**Data for the task**
+++++

lemma table_inv_next_row:
  assumes "table_inv A B (i, length B) dp dpi par inc"
  shows "table_inv A B (Suc i, 0) dp dpi par inc"
proof -
  have "(a, b) < (Suc i, 0) \<longleftrightarrow> (a, b) < (i, length B) \<or> (a = i \<and> length B \<le> b)" for a b
    by auto
  moreover have "\<not> is_match A B a b" if "length B \<le> b" for a b
    using that by (simp add: is_match_def)
  ultimately show ?thesis
    using assms unfolding table_inv_def by blast
qed

definition row_inv :: "'a::linorder list \<Rightarrow> 'a list \<Rightarrow> nat \<Rightarrow> lcis_state \<Rightarrow> bool" where
  "row_inv A B i st \<longleftrightarrow> (case st of (dp, dpi, par, inc, _, _) \<Rightarrow> table_inv A B (i, 0) dp dpi par inc)"

lemma row_inv_outer_step:
  assumes "row_inv A B i st" and "i < length A"
  shows "row_inv A B (Suc i) (lcis_outer_step A B i st)"
proof -
  obtain dp dpi par inc best bj where st: "st = (dp, dpi, par, inc, best, bj)"
    by (cases st)
  have "inner_inv A B i (length B) (lcis_outer_step A B i st)"
    using inner_inv_fold[OF assms(2), of B dp dpi par inc "length B"] assms(1)
    by (simp add: st row_inv_def lcis_outer_step_def)
  then show ?thesis
    by (auto simp: inner_inv_def row_inv_def split: prod.splits intro: table_inv_next_row)
qed

lemma row_inv_fold:
  "k \<le> length A \<Longrightarrow>
     row_inv A B k (fold (lcis_outer_step A B) [0..<k] ((\<lambda>_. 0), (\<lambda>_. -1), Map.empty, Map.empty, 0, -1))"
proof (induction k)
  case 0
  then show ?case
    by (simp add: row_inv_def table_inv_def)
next
  case (Suc k)
  then show ?case
    using row_inv_outer_step[of A B k] by simp
qed

theorem mainTheorem1:
  fixes A B :: "'a::linorder list"
    and inc :: "nat \<times> nat \<Rightarrow> nat option"
    and parent :: "nat \<times> nat \<Rightarrow> (int \<times> int) option"
  assumes "lcis_lengths A B = (inc, parent)"
    and "inc (i, j) = Some l"
  shows "i < length A \<and> j < length B \<and> A ! i = B ! j
       \<and> l = lcis_end A B i j
       \<and> (parent (i, j) = None \<longleftrightarrow> l = 1)
       \<and> (\<forall>p q. parent (i, j) = Some (p, q) \<longrightarrow>
            (\<exists>i' j'. p = int i' \<and> q = int j' \<and> inc (i', j') = Some (l - 1)
               \<and> (\<exists>ps. is_cis A B (ps @ [(i', j'), (i, j)]) \<and> length ps + 2 = l)))"
proof -
  obtain dp dpi best bj where run:
    "fold (lcis_outer_step A B) [0..<length A] ((\<lambda>_. 0), (\<lambda>_. -1), Map.empty, Map.empty, 0, -1)
       = (dp, dpi, parent, inc, best, bj)"
    using assms(1) unfolding lcis_lengths_def by (auto split: prod.splits)
  have "table_inv A B (length A, 0) dp dpi parent inc"
    using row_inv_fold[of "length A" A B] by (simp add: run row_inv_def)
  then have "is_match A B i j \<and> l = lcis_end A B i j \<and> valid_parent A B inc parent i j l"
    using assms(2) unfolding table_inv_def by blast
  then show ?thesis
    unfolding is_match_def valid_parent_def by blast
qed

end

+++++

**Problem**
Find all the lines with "splits" in the data and copy them.

**The completed task**
    by (auto simp: inner_inv_def row_inv_def split: prod.splits intro: table_inv_next_row)
    using assms(1) unfolding lcis_lengths_def by (auto split: prod.splits)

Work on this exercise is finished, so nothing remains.